# RECORDS FOR THE EXERCISE
(* For all $\tilde\alpha\ge0$, $-1<\tilde\beta\le0$ and $e\in[0,1)$, $$\phi_{-1}(\tilde{\mathcal A}(\tilde\alpha,\tilde\beta,e))\le2,\qquad \nu_{-1}(\tilde{\mathcal A}(\tilde\alpha,\tilde\beta,e))\le2.$$ Moreover, for given $e_0\in[0,1)$, if $\tilde\alpha>\frac14+\frac54e_0$ and $-1<\tilde\beta\le0$, then $\phi_{-1}(\tilde{\mathcal A}(\tilde\alpha,\tilde\beta,e_0))=0$ and $\nu_{-1}(\tilde{\mathcal A}(\tilde\alpha,\tilde\beta,e_0))=0$.
   Context: $R(t)$ is the rotation matrix by angle $t$. For $\alpha,\beta\in\mathbf R$, $e\in[0,1)$, $\mathcal A(\alpha,\beta,e)=-\frac{d^2}{dt^2}I_2-I_2+\frac{1}{1+e\cos t}R(t)\mathrm{diag}(1+\alpha+3\beta,1+\alpha-3\beta)R(t)^T$, self-adjoint on $L^2([0,2\pi],\mathbf C^2)$ with domain $\{y\in W^{2,2}([0,2\pi],\mathbf C^2):y(2\pi)=-y(0),y'(2\pi)=-y'(0)\}$ (the case $\omega=-1$); $\phi_{-1}$ is its Morse index (total multiplicity of negative eigenvalues) and $\nu_{-1}=\dim\ker$. $\tilde\alpha=\alpha-\beta$, $\tilde\beta=-\alpha+3\beta-1$, $\tilde{\mathcal A}(\tilde\alpha,\tilde\beta,e):=\mathcal A(\alpha,\beta,e)$. *)

theory Defs
  imports "HOL-Analysis.Analysis" "HOL-Library.Extended_Nat"
begin

text \<open>Functions y : [0,2pi] -> C^2 are represented as y :: real => complex * complex,
  normalised to vanish outside [0,2pi].\<close>

text \<open>Potential term (1/(1+e cos t)) R(t) diag(1+a+3b, 1+a-3b) R(t)^T applied to v.\<close>
definition pot :: "real \<Rightarrow> real \<Rightarrow> real \<Rightarrow> real \<Rightarrow> complex \<times> complex \<Rightarrow> complex \<times> complex" where
  "pot \<alpha> \<beta> e t v =
     (let a = 1 + \<alpha> + 3 * \<beta>; b = 1 + \<alpha> - 3 * \<beta>; c = cos t; s = sin t;
          k = 1 / (1 + e * c)
      in (complex_of_real (k * (a * c^2 + b * s^2)) * fst v
            + complex_of_real (k * (a - b) * c * s) * snd v,
          complex_of_real (k * (a - b) * c * s) * fst v
            + complex_of_real (k * (a * s^2 + b * c^2)) * snd v))"

text \<open>y lies in the domain of A(alpha,beta,e) (omega = -1 boundary conditions) and
  A y = lam y.\<close>
definition is_eigfun :: "real \<Rightarrow> real \<Rightarrow> real \<Rightarrow> real \<Rightarrow> (real \<Rightarrow> complex \<times> complex) \<Rightarrow> bool" where
  "is_eigfun \<alpha> \<beta> e lam y \<longleftrightarrow>
     (\<forall>t. t \<notin> {0..2*pi} \<longrightarrow> y t = 0) \<and>
     (\<exists>y' y''.
        (\<forall>t\<in>{0..2*pi}. (y has_vector_derivative y' t) (at t within {0..2*pi}) \<and>
                        (y' has_vector_derivative y'' t) (at t within {0..2*pi})) \<and>
        y (2*pi) = - y 0 \<and> y' (2*pi) = - y' 0 \<and>
        (\<forall>t\<in>{0..2*pi}. - y'' t - y t + pot \<alpha> \<beta> e t (y t) = lam *\<^sub>R y t))"

definition cindep :: "nat \<Rightarrow> (nat \<Rightarrow> real \<Rightarrow> complex \<times> complex) \<Rightarrow> bool" where
  "cindep n ys \<longleftrightarrow>
     (\<forall>c :: nat \<Rightarrow> complex.
        (\<forall>t. (\<Sum>i<n. c i * fst (ys i t)) = 0 \<and> (\<Sum>i<n. c i * snd (ys i t)) = 0)
        \<longrightarrow> (\<forall>i<n. c i = 0))"

text \<open>Morse index: total multiplicity of negative eigenvalues, i.e. the complex dimension
  of the span of all eigenfunctions with negative eigenvalue.\<close>
definition morse_index :: "real \<Rightarrow> real \<Rightarrow> real \<Rightarrow> enat" where
  "morse_index \<alpha> \<beta> e =
     Sup {enat n | n. \<exists>ys. (\<forall>i<n. \<exists>lam<0. is_eigfun \<alpha> \<beta> e lam (ys i)) \<and> cindep n ys}"

definition nullity :: "real \<Rightarrow> real \<Rightarrow> real \<Rightarrow> enat" where
  "nullity \<alpha> \<beta> e =
     Sup {enat n | n. \<exists>ys. (\<forall>i<n. is_eigfun \<alpha> \<beta> e 0 (ys i)) \<and> cindep n ys}"

text \<open>Tilde parameters: at = a - b, bt = -a + 3b - 1, i.e.
  a = (3 a_t + b_t + 1)/2, b = (a_t + b_t + 1)/2.\<close>
definition morse_index_t :: "real \<Rightarrow> real \<Rightarrow> real \<Rightarrow> enat" where
  "morse_index_t a_t b_t e = morse_index ((3*a_t + b_t + 1)/2) ((a_t + b_t + 1)/2) e"

definition nullity_t :: "real \<Rightarrow> real \<Rightarrow> real \<Rightarrow> enat" where
  "nullity_t a_t b_t e = nullity ((3*a_t + b_t + 1)/2) ((a_t + b_t + 1)/2) e"

end

theory Submission
  imports Defs
begin
(* Let $\mathcal{A}$ be a strong $T_0$-family and $r\in\mathbb{R}$. Let $\{x_\xi:\xi<\omega_1\}\subseteq c_{00}(\omega_1)$ consist of vectors with pairwise disjoint supports such that $\|x_\xi\|_\mathcal{A}=r$ for all $\xi<\omega_1$. Then there are $\xi<\eta<\omega_1$ such that $\|x_\xi-x_\eta\|_\mathcal{A}=\sqrt2\,r$, and there are $\xi<\eta<\omega_1$ such that $\|x_\xi-x_\eta\|_\mathcal{A}=r$.
   Context: $c_{00}(\omega_1)$ is the set of $x\in\mathbb{R}^{\omega_1}$ with finite support $\text{supp}(x)=\{\alpha:x(\alpha)\ne0\}$. For a family $\mathcal{A}$ of finite subsets of $\omega_1$, $\|x\|_\mathcal{A}=\sup_{A\in\mathcal{A}}\sqrt{\sum_{\alpha\in A}x(\alpha)^2}$. For disjoint $A,B$, $A\otimes B=\{\{\alpha,\beta\}:\alpha\in A,\beta\in B\}$. A function $c=(c_0,c_1):[\omega_1]^2\to I\times J$ ($0,1\in I$, $J\ne\emptyset$) is a $T$-coloring if for every uncountable pairwise disjoint family $\{\{a_\xi(0),a_\xi(1)\}:\xi<\omega_1\}$ of pairs and all $(i_0,j_0),(i_1,j_1)\in I\times J$ there are $\xi<\eta$ with $c(\{a_\xi(0),a_\eta(0)\})=(i_0,j_0)$, $c(\{a_\xi(1),a_\eta(1)\})=(i_1,j_1)$; it is a strong $T$-coloring if moreover for every uncountable pairwise disjoint family $\{A_\xi:\xi<\omega_1\}$ of finite subsets of $\omega_1$ there are $\xi<\eta$ with $c_0[A_\xi\otimes A_\eta]=\{0\}$ and $\xi<\eta$ with $c_0[A_\xi\otimes A_\eta]=\{1\}$. A strong $T_0$-family is $\mathcal{A}_c=\{a\subseteq\omega_1\text{ finite}:c_0[[a]^2]\subseteq\{0\}\}$ for a strong $T$-coloring $c$. *)

theory Defs
  imports "HOL-Analysis.Analysis"
begin

text \<open>The type 'a, with its well-order, represents omega_1: it is uncountable and
every proper initial segment is countable.\<close>
definition omega1_type :: "'a::wellorder itself \<Rightarrow> bool" where
  "omega1_type _ \<longleftrightarrow> uncountable (UNIV :: 'a set) \<and> (\<forall>x::'a. countable {y. y < x})"
(* If a non-failed Boolean CSP is closed under the applications of (each of) the rules of the proof system BOOL', then it is hyper-arc consistent.
   Context: A Boolean CSP is $\langle \mathcal C; x_1\in D_1,\dots,x_n\in D_n\rangle$ with $D_i\subseteq\{0,1\}$ and $\mathcal C$ a finite set of Boolean constraints, each of the forms $u=v$ ($\{(0,0),(1,1)\}$), $\neg u=v$ ($\{(0,1),(1,0)\}$), $u\wedge v=w$ ($\{(0,0,0),(0,1,0),(1,0,0),(1,1,1)\}$), $u\vee v=w$ ($\{(0,0,0),(0,1,1),(1,0,1),(1,1,1)\}$) on distinct variables; constraints are always understood as restricted to the current domains. $x=d$ means $x\in\{d\}$. A CSP is failed if some domain is empty. A constraint is solved if it equals the product of the domains of its variables; $\phi$ is a reformulation of $\psi$ if removing solved constraints from both yields the same CSP. The proof system BOOL' consists of the rules (constraint, premise $\rightarrow$ conclusion; $x,y,z$ schematic): EQU1: $x=y$, $x=1\rightarrow y=1$; EQU2: $x=y$, $y=1\rightarrow x=1$; EQU3: $x=y$, $x=0\rightarrow y=0$; EQU4: $x=y$, $y=0\rightarrow x=0$; NOT1: $\neg x=y$, $x=1\rightarrow y=0$; NOT2: $\neg x=y$, $x=0\rightarrow y=1$; NOT3: $\neg x=y$, $y=1\rightarrow x=0$; NOT4: $\neg x=y$, $y=0\rightarrow x=1$; AND1': $x\wedge y=z$, $x=1\rightarrow$ constraint $y=z$; AND2': $x\wedge y=z$, $y=1\rightarrow$ constraint $x=z$; AND3': $x\wedge y=z$, $z=1\rightarrow x=1$; AND4: $x\wedge y=z$, $x=0\rightarrow z=0$; AND5: $x\wedge y=z$, $y=0\rightarrow z=0$; AND6': $x\wedge y=z$, $z=1\rightarrow y=1$; OR1: $x\vee y=z$, $x=1\rightarrow z=1$; OR2': $x\vee y=z$, $x=0\rightarrow$ constraint $y=z$; OR3': $x\vee y=z$, $y=0\rightarrow$ constraint $x=z$; OR4': $x\vee y=z$, $z=0\rightarrow x=0$; OR5: $x\vee y=z$, $y=1\rightarrow z=1$; OR6': $x\vee y=z$, $z=0\rightarrow y=0$. On CSPs: a rule with constraint $c$ and premise $X=s$ is applicable to a CSP containing (an instance of) $c$ in which each variable of $X$ has domain exactly $\{s_i\}$. If the conclusion is $Y=t$, the result removes $c$ and replaces the domain $D$ of each $y_j\in Y$ by $D\cap\{t_j\}$; if the conclusion is a constraint, the result replaces $c$ by that equality constraint (on the corresponding variables) and leaves domains unchanged. An application is relevant if its result is not a reformulation of the original CSP. A CSP is closed under the applications of a rule $R$ if $R$ cannot be applied or no application of it is relevant. A constraint is hyper-arc consistent if for every variable of it each value in its domain participates in a solution to the constraint (restricted to current domains); a CSP is hyper-arc consistent if every constraint of it is. *)

theory Defs
  imports Main
begin

text \<open>Boolean values are rendered as bool (True = 1, False = 0).\<close>

datatype 'v constr =
    CEq 'v 'v
  | CNot 'v 'v
  | CAnd 'v 'v 'v
  | COr 'v 'v 'v

fun scheme :: "'v constr \<Rightarrow> 'v list" where
  "scheme (CEq u v) = [u, v]"
| "scheme (CNot u v) = [u, v]"
| "scheme (CAnd u v w) = [u, v, w]"
| "scheme (COr u v w) = [u, v, w]"

fun sat :: "'v constr \<Rightarrow> ('v \<Rightarrow> bool) \<Rightarrow> bool" where
  "sat (CEq u v) a = (a u = a v)"
| "sat (CNot u v) a = ((\<not> a u) = a v)"
| "sat (CAnd u v w) a = ((a u \<and> a v) = a w)"
| "sat (COr u v w) a = ((a u \<or> a v) = a w)"

text \<open>A Boolean CSP: a set of constraints together with domains (subsets of {0,1}).
  The variables x1..xn of the CSP form a separate finite set X.\<close>
type_synonym 'v csp = "'v constr set \<times> ('v \<Rightarrow> bool set)"

definition well_formed :: "'v set \<Rightarrow> 'v csp \<Rightarrow> bool" where
  "well_formed X \<phi> \<longleftrightarrow> finite X \<and> finite (fst \<phi>) \<and>
     (\<forall>c \<in> fst \<phi>. distinct (scheme c) \<and> set (scheme c) \<subseteq> X)"

definition failed :: "'v set \<Rightarrow> 'v csp \<Rightarrow> bool" where
  "failed X \<phi> \<longleftrightarrow> (\<exists>x \<in> X. snd \<phi> x = {})"

definition in_doms :: "('v \<Rightarrow> bool set) \<Rightarrow> 'v constr \<Rightarrow> ('v \<Rightarrow> bool) \<Rightarrow> bool" where
  "in_doms D c a \<longleftrightarrow> (\<forall>v \<in> set (scheme c). a v \<in> D v)"

definition restr :: "('v \<Rightarrow> bool set) \<Rightarrow> 'v constr \<Rightarrow> 'v list \<times> bool list set" where
  "restr D c = (scheme c, {map a (scheme c) | a. sat c a \<and> in_doms D c a})"

definition solved :: "('v \<Rightarrow> bool set) \<Rightarrow> 'v constr \<Rightarrow> bool" where
  "solved D c \<longleftrightarrow> (\<forall>a. in_doms D c a \<longrightarrow> sat c a)"

definition reformulation :: "'v set \<Rightarrow> 'v csp \<Rightarrow> 'v csp \<Rightarrow> bool" where
  "reformulation X \<phi> \<psi> \<longleftrightarrow>
     (\<forall>x \<in> X. snd \<phi> x = snd \<psi> x) \<and>
     restr (snd \<phi>) ` {c \<in> fst \<phi>. \<not> solved (snd \<phi>) c}
       = restr (snd \<psi>) ` {c \<in> fst \<psi>. \<not> solved (snd \<psi>) c}"

datatype rule =
    EQU1 | EQU2 | EQU3 | EQU4
  | NOT1 | NOT2 | NOT3 | NOT4
  | AND1' | AND2' | AND3' | AND4 | AND5 | AND6'
  | OR1 | OR2' | OR3' | OR4' | OR5 | OR6'

datatype 'v conclusion = CDom "('v \<times> bool) list" | CCon "'v constr"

# YOUR OBJECTIVE
Could you reproduce, exactly as written, the lines running from the one with "c = (scheme" to the end of the entries above?

# SOLUTION TO THIS PROBLEM
  "restr D c = (scheme c, {map a (scheme c) | a. sat c a \<and> in_doms D c a})"

definition solved :: "('v \<Rightarrow> bool set) \<Rightarrow> 'v constr \<Rightarrow> bool" where
  "solved D c \<longleftrightarrow> (\<forall>a. in_doms D c a \<longrightarrow> sat c a)"

definition reformulation :: "'v set \<Rightarrow> 'v csp \<Rightarrow> 'v csp \<Rightarrow> bool" where
  "reformulation X \<phi> \<psi> \<longleftrightarrow>
     (\<forall>x \<in> X. snd \<phi> x = snd \<psi> x) \<and>
     restr (snd \<phi>) ` {c \<in> fst \<phi>. \<not> solved (snd \<phi>) c}
       = restr (snd \<psi>) ` {c \<in> fst \<psi>. \<not> solved (snd \<psi>) c}"

datatype rule =
    EQU1 | EQU2 | EQU3 | EQU4
  | NOT1 | NOT2 | NOT3 | NOT4
  | AND1' | AND2' | AND3' | AND4 | AND5 | AND6'
  | OR1 | OR2' | OR3' | OR4' | OR5 | OR6'

datatype 'v conclusion = CDom "('v \<times> bool) list" | CCon "'v constr"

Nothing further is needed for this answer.